The setup of Champions League (a quick group stage and knockout round) is supposed to create chaos, but Madrid has remained ever-present. Since before the last World Cup, they have been about as dominant as we could ever reasonably expect a soccer team to be. And this year’s run mirrors it all. They were drawn into the toughest group, with Borussia Dortmund and Tottenham. Then they drew PSG, the toughest possible Round of 16 opponent. Then they drew Juventus, last year’s runner-up, in the quarters, and followed that up with Bayern Munich, arguably the best team in the world, in the semis. Running through that gantlet unscathed should eliminate any questions about their overall quality, as should the three European titles in four years and the looming possibility of four in five. Except, it still doesn’t feel that way.
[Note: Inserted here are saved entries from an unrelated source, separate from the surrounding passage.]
definition hcircle :: "complex \<Rightarrow> real \<Rightarrow> complex set" where
  "hcircle c \<rho> = {z \<in> pdisk. hdist c z = \<rho>}"

definition orth_circ :: "complex \<Rightarrow> real \<Rightarrow> complex \<Rightarrow> real \<Rightarrow> bool" where
  "orth_circ o1 R1 o2 R2 \<longleftrightarrow> (cmod (o1 - o2))^2 = R1^2 + R2^2"

definition is_orthogonal_circle ::
  "complex \<Rightarrow> complex \<Rightarrow> complex \<Rightarrow> real \<Rightarrow> real \<Rightarrow> real \<Rightarrow> complex \<Rightarrow> real \<Rightarrow> bool" where
  "is_orthogonal_circle zi zj zk ri rj rk oc R \<longleftrightarrow> R > 0 \<and>
     (\<forall>a s. s > 0 \<and> sphere a s = hcircle zi ri \<longrightarrow> orth_circ oc R a s) \<and>
     (\<forall>a s. s > 0 \<and> sphere a s = hcircle zj rj \<longrightarrow> orth_circ oc R a s) \<and>
     (\<forall>a s. s > 0 \<and> sphere a s = hcircle zk rk \<longrightarrow> orth_circ oc R a s)"

text \<open>Triangulation data: faces F; for a face f, vertex n (n = 0,1,2) is fv f n and
  the edge opposite to vertex n is fe f n.  (A Delta-complex triangulation of a
  marked surface gives such data.)\<close>
definition face_Xi :: "('f \<Rightarrow> nat \<Rightarrow> 'v) \<Rightarrow> ('f \<Rightarrow> nat \<Rightarrow> 'e) \<Rightarrow> ('e \<Rightarrow> real) \<Rightarrow> ('v \<Rightarrow> real) \<Rightarrow> 'f \<Rightarrow> real" where
  "face_Xi fv fe I r f = Xi (r (fv f 0)) (r (fv f 1)) (r (fv f 2)) (I (fe f 0)) (I (fe f 1)) (I (fe f 2))"

definition Xi_set :: "'f set \<Rightarrow> ('f \<Rightarrow> nat \<Rightarrow> 'v) \<Rightarrow> ('f \<Rightarrow> nat \<Rightarrow> 'e) \<Rightarrow> 'e set \<Rightarrow> 'v set
    \<Rightarrow> (('e \<Rightarrow> real) \<times> ('v \<Rightarrow> real)) set" where
  "Xi_set F fv fe E V = {(I, r). (\<forall>e\<in>E. I e > 1) \<and> (\<forall>v\<in>V. r v > 0) \<and>
      (\<forall>f\<in>F. face_Xi fv fe I r f > 0)}"

definition Q_h :: "'f set \<Rightarrow> ('f \<Rightarrow> nat \<Rightarrow> 'v) \<Rightarrow> ('f \<Rightarrow> nat \<Rightarrow> 'e) \<Rightarrow> 'e set \<Rightarrow> 'v set
    \<Rightarrow> (('e \<Rightarrow> real) \<times> ('v \<Rightarrow> real)) set" where
  "Q_h F fv fe E V = {(I, r). (\<forall>e\<in>E. I e > 1) \<and> (\<forall>v\<in>V. r v > 0) \<and>
      (\<forall>f\<in>F. strict_tri (inv_len (r (fv f 0)) (r (fv f 1)) (I (fe f 2)))
                         (inv_len (r (fv f 1)) (r (fv f 2)) (I (fe f 0)))
                         (inv_len (r (fv f 2)) (r (fv f 0)) (I (fe f 1))))}"

end

theory Submission
  imports Defs
begin

text \<open>Lift the Poincare disk to the hyperboloid {u. <u, u> = -1} in Minkowski space, so that the
  vertices become vectors v_i with <v_i, v_j> = -cosh l_ij. For the Gram matrix G of the
  cosh l_ij and w = (cosh r_i), the vector Y = \<Sum> (adj(G) w)_i v_i satisfies
  <Y, v_i> = -det G cosh r_i and <Y, Y> = -det G \<Xi>, while det G - \<Xi> is a positive multiple of
  a^2 + b^2 + c^2 + 2abc - 1. Hence \<Xi> > 0 gives det G > \<Xi> > 0. Positivity of det G is
  the triangle inequality for the lengths. Normalising Y gives a point of the hyperbolic plane whose
  circle of radius arcosh (sqrt (det G / \<Xi>)) meets each vertex circle orthogonally, since
  orthogonality of hyperbolic circles means cosh d = cosh \<rho> cosh \<sigma>. Being a hyperbolic circle,
  it lies inside the disk; it is the only orthogonal circle because orthogonality to a vertex circle
  is a Lorentz-linear condition on the coefficient vector of a Euclidean circle, and the v_i are
  linearly independent.\<close>

section \<open>Minkowski space\<close>

definition lorentz :: "real \<times> real \<times> real \<Rightarrow> real \<times> real \<times> real \<Rightarrow> real" where
  "lorentz u v = fst u * fst v + fst (snd u) * fst (snd v) - snd (snd u) * snd (snd v)"

lemma lorentz_Pair [simp]: "lorentz (a, b, t) (a', b', t') = a * a' + b * b' - t * t'"
  by (simp add: lorentz_def)

lemma lorentz_commute: "lorentz u v = lorentz v u"
  by (simp add: lorentz_def algebra_simps)

lemma lorentz_add_left: "lorentz (u + v) w = lorentz u w + lorentz v w"
  by (simp add: lorentz_def algebra_simps)

lemma lorentz_diff_left: "lorentz (u - v) w = lorentz u w - lorentz v w"
  by (simp add: lorentz_def algebra_simps)

lemma lorentz_scaleR_left: "lorentz (c *\<^sub>R u) w = c * lorentz u w"
  by (simp add: lorentz_def algebra_simps)

lemma lorentz_scaleR_right: "lorentz u (c *\<^sub>R w) = c * lorentz u w"
  by (simp add: lorentz_def algebra_simps)

definition hyperboloid :: "(real \<times> real \<times> real) set" where
  "hyperboloid = {u. lorentz u u = -1 \<and> snd (snd u) > 0}"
In his match report for The Guardian after Tuesday’s 2-2 draw, Sid Lowe wrote, “Real Madrid always find a way, they say, and somehow they did.” A roster that’s worth nearly a billion dollars isn’t supposed to be scrappy, but even the fans have bought into the idea: After the ball slid through Sven Ulreich’s legs at the beginning of the second half and his unforced error presented Karim Benzema with an empty-net tap-in to put his side up 2-1, the Madrid faithful started chanting, “That’s how Real win!”

Scoreboard journalism was supposed to be a dead a long time ago, but with Madrid, there’s really no other way to approach their success— otherwise you become the old man yelling at the cloud. Regression might eventually come, but who cares if it’s after four more trophies? Maybe Real’s defining quality is that they’ve validated all of our cliches and our aphorisms. As Lowe wrote, “Real win because, well, Real win. Even when they don’t actually win.” They should be better, and yet no one has ever been this good.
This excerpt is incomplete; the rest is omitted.